┌────────

(* (a) For all $S\in\{L,R\}^*$, $M(S)\equiv N(S)\pmod 2$. (b) Let $S=S(k_0,\dots,k_m)$ and $S'=S(k'_0,\dots,k'_n)$ be strings, and set $k_i=0$ for $i>m$ and $k'_i=0$ for $i>n$. Then $r(S)<r(S')$ if and only if there is an index $i\geq0$ such that $k_j=k'_j$ for all $j<i$ and either $i$ is even and $k_i<k'_i$, or $i$ is odd and $k_i>k'_i$ (an "alternating lexicographic" ordering of $(k_0,k_1,k_2,\dots)$).
   Context: $\{L,R\}^*$ is the free monoid on $L,R$ (strings), with empty string $\varepsilon$; $|S|$ is the number of symbols of $S$. For $k_0\geq 0$, $k_1,\dots,k_m\geq 1$, $S(k_0,\dots,k_m)$ is the string $R^{k_0}L^{k_1}R^{k_2}\cdots$ with $m+1$ alternating blocks (last block $R^{k_m}$ if $m$ even, $L^{k_m}$ if $m$ odd); each string has exactly one such representation, with $\varepsilon=S(0)$. Define $M(\varepsilon)=0$ and $M(S(k_0,\dots,k_m))=m$ (where $k_m\geq1$ if $m\geq 1$). Define $N(\varepsilon)=0$, $N(SL)=2N(S)+1$, $N(SR)=2N(S)+2$. Define $r(\varepsilon)=1$, $r(SL)=r(S)-2^{-|SL|}$, $r(SR)=r(S)+2^{-|SR|}$. *)

theory Defs
  imports Complex_Main
begin

datatype sym = L | R

definition mkS :: "nat list \<Rightarrow> sym list" where
  "mkS ks = concat (map (\<lambda>i. replicate (ks ! i) (if even i then R else L)) [0..<length ks])"

definition valid_blocks :: "nat list \<Rightarrow> bool" where
  "valid_blocks ks \<longleftrightarrow> ks \<noteq> [] \<and> (\<forall>i. 1 \<le> i \<longrightarrow> i < length ks \<longrightarrow> 1 \<le> ks ! i)"
(* The eigenvalues are in fact real, but only their real parts are ever used. *)
lemma hermitian_rayleigh_bounds:
  assumes "M \<in> carrier_mat n n" "hermitian M" "0 < n" "v \<in> carrier_vec n"
  shows "\<exists>a b. eigenvalue M a \<and> eigenvalue M b \<and>
    Re a * (cvnorm v)\<^sup>2 \<le> Re ((M *\<^sub>v v) \<bullet>c v) \<and> Re ((M *\<^sub>v v) \<bullet>c v) \<le> Re b * (cvnorm v)\<^sup>2"
  using assms
proof (induction n arbitrary: M v)
  case 0
  then show ?case by simp
next
  case (Suc m)
  note M = Suc.prems(1) and v = Suc.prems(4)
  obtain e u where "eigenvector M u e"
    using spectrum_non_empty[OF M] unfolding spectrum_def eigenvalue_def by auto
  then have e: "eigenvalue M e"
    unfolding eigenvalue_def by blast
  obtain U where U: "unitary_mat (Suc m) U" and Ue: "M *\<^sub>v col U 0 = e \<cdot>\<^sub>v col U 0"
    using unitary_mat_with_eigenvector[OF M \<open>eigenvector M u e\<close>] by blast
  obtain M' where M': "M' \<in> carrier_mat m m" "hermitian M'"
    and A: "mat_adjoint U * (M * U) = four_block_mat (mat 1 1 (\<lambda>_. e)) (0\<^sub>m 1 m) (0\<^sub>m m 1) M'"
    using hermitian_deflation[OF M Suc.prems(2) U Ue] by blast
  obtain a x where x: "x \<in> carrier_vec m"
    and quad: "Re ((M *\<^sub>v v) \<bullet>c v) = Re e * (cmod a)\<^sup>2 + Re ((M' *\<^sub>v x) \<bullet>c x)"
    and norm: "(cvnorm v)\<^sup>2 = (cmod a)\<^sup>2 + (cvnorm x)\<^sup>2"
    using deflated_quadratic_form[OF U M M'(1) A v] by blast
  show ?case
  proof (cases "m = 0")
    case True
    then have "Re ((M' *\<^sub>v x) \<bullet>c x) = 0" "cvnorm x = 0"
      using x M'(1) by (auto simp: scalar_prod_def cvnorm_def)
    then show ?thesis
      using e quad norm by auto
  next
    case False
    then obtain a' b' where ev': "eigenvalue M' a'" "eigenvalue M' b'"
      and lo': "Re a' * (cvnorm x)\<^sup>2 \<le> Re ((M' *\<^sub>v x) \<bullet>c x)"
      and hi': "Re ((M' *\<^sub>v x) \<bullet>c x) \<le> Re b' * (cvnorm x)\<^sup>2"
      using Suc.IH[OF M' _ x] by blast
    have lift: "eigenvalue M \<mu>" if "eigenvalue M' \<mu>" for \<mu>
      by (rule eigenvalue_deflation[OF U M M'(1) A that])
    obtain lo where lo: "lo \<in> {e, a'}" "Re lo \<le> Re e" "Re lo \<le> Re a'"
      by (cases "Re e \<le> Re a'") auto
    obtain hi where hi: "hi \<in> {e, b'}" "Re e \<le> Re hi" "Re b' \<le> Re hi"
      by (cases "Re e \<le> Re b'") auto
    have "Re lo * (cvnorm v)\<^sup>2 \<le> Re e * (cmod a)\<^sup>2 + Re a' * (cvnorm x)\<^sup>2"
      unfolding norm distrib_left using lo by (intro add_mono mult_right_mono) auto
    also have "\<dots> \<le> Re ((M *\<^sub>v v) \<bullet>c v)"
      unfolding quad using lo' by simp
    finally have "Re lo * (cvnorm v)\<^sup>2 \<le> Re ((M *\<^sub>v v) \<bullet>c v)" .
    moreover have "Re ((M *\<^sub>v v) \<bullet>c v) \<le> Re e * (cmod a)\<^sup>2 + Re b' * (cvnorm x)\<^sup>2"
      unfolding quad using hi' by simp
    moreover have "\<dots> \<le> Re hi * (cvnorm v)\<^sup>2"
      unfolding norm distrib_left using hi by (intro add_mono mult_right_mono) auto
    moreover have "eigenvalue M lo" "eigenvalue M hi"
      using lo(1) hi(1) e ev' lift by auto
    ultimately show ?thesis
      by (meson order.trans)
  qed
qed

section \<open>Bounds by singular values\<close>

lemma singular_values_eq:
  "singular_values W = (\<lambda>k. sqrt (Re k)) ` spectrum (mat_adjoint W * W)"
  unfolding singular_values_def spectrum_def by auto

lemma singular_values_finite_nonempty:
  assumes "W \<in> carrier_mat n n" "0 < n"
  shows "finite (singular_values W)" "singular_values W \<noteq> {}"
proof -
  have "mat_adjoint W * W \<in> carrier_mat n n"
    by (rule mult_carrier_mat[OF mat_adjoint_carrier[OF assms(1)] assms(1)])
  then show "finite (singular_values W)" "singular_values W \<noteq> {}"
    using card_finite_spectrum(1) spectrum_non_empty assms(2) unfolding singular_values_eq by auto
qed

└────────

Aim of the exercise: The answer must be every line from the records above that contains the word "noteq", copied out.

Solution:
  "valid_blocks ks \<longleftrightarrow> ks \<noteq> [] \<and> (\<forall>i. 1 \<le> i \<longrightarrow> i < length ks \<longrightarrow> 1 \<le> ks ! i)"
  shows "finite (singular_values W)" "singular_values W \<noteq> {}"
  then show "finite (singular_values W)" "singular_values W \<noteq> {}"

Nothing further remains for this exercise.